About this task —
Wherever a line of the records contains "True", copy that line.

The input —

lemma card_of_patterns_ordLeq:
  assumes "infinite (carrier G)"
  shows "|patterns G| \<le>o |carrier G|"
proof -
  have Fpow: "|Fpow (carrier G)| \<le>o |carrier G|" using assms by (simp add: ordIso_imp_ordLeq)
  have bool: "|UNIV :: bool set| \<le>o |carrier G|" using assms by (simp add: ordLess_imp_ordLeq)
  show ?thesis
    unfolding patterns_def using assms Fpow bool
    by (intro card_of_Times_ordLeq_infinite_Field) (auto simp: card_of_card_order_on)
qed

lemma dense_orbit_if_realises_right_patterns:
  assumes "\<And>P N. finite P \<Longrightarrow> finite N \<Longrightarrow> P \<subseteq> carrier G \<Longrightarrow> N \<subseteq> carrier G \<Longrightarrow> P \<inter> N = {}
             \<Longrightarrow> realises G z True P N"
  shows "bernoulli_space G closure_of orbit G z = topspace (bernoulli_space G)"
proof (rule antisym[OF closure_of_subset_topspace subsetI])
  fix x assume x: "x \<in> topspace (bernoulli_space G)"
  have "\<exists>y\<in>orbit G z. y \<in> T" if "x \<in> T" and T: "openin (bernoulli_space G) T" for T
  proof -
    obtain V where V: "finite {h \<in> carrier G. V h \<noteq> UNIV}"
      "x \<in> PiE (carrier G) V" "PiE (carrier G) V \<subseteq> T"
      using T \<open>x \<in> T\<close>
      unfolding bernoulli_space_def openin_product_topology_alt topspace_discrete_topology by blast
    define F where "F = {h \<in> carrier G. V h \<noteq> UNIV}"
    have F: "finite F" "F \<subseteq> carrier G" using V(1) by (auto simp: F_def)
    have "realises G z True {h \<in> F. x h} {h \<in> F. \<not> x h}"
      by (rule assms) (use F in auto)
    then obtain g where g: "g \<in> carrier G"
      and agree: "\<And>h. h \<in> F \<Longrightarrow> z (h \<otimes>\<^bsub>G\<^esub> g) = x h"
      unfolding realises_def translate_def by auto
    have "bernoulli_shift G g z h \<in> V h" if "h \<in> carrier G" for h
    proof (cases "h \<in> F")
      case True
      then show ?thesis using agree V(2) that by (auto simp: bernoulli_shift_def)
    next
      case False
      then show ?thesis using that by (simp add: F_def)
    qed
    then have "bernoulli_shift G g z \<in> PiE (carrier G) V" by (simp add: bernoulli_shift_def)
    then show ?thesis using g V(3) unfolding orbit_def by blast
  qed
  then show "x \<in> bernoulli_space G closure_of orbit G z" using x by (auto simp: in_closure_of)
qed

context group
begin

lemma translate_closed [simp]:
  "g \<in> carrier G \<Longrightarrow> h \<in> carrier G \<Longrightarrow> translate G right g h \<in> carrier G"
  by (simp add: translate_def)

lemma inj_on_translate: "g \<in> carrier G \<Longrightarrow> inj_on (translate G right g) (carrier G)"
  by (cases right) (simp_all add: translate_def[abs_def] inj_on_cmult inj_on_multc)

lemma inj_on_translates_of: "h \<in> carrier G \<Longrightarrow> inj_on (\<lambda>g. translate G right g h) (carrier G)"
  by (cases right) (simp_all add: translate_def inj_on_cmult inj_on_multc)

Reply to the exercise —
             \<Longrightarrow> realises G z True P N"
    have "realises G z True {h \<in> F. x h} {h \<in> F. \<not> x h}"
      case True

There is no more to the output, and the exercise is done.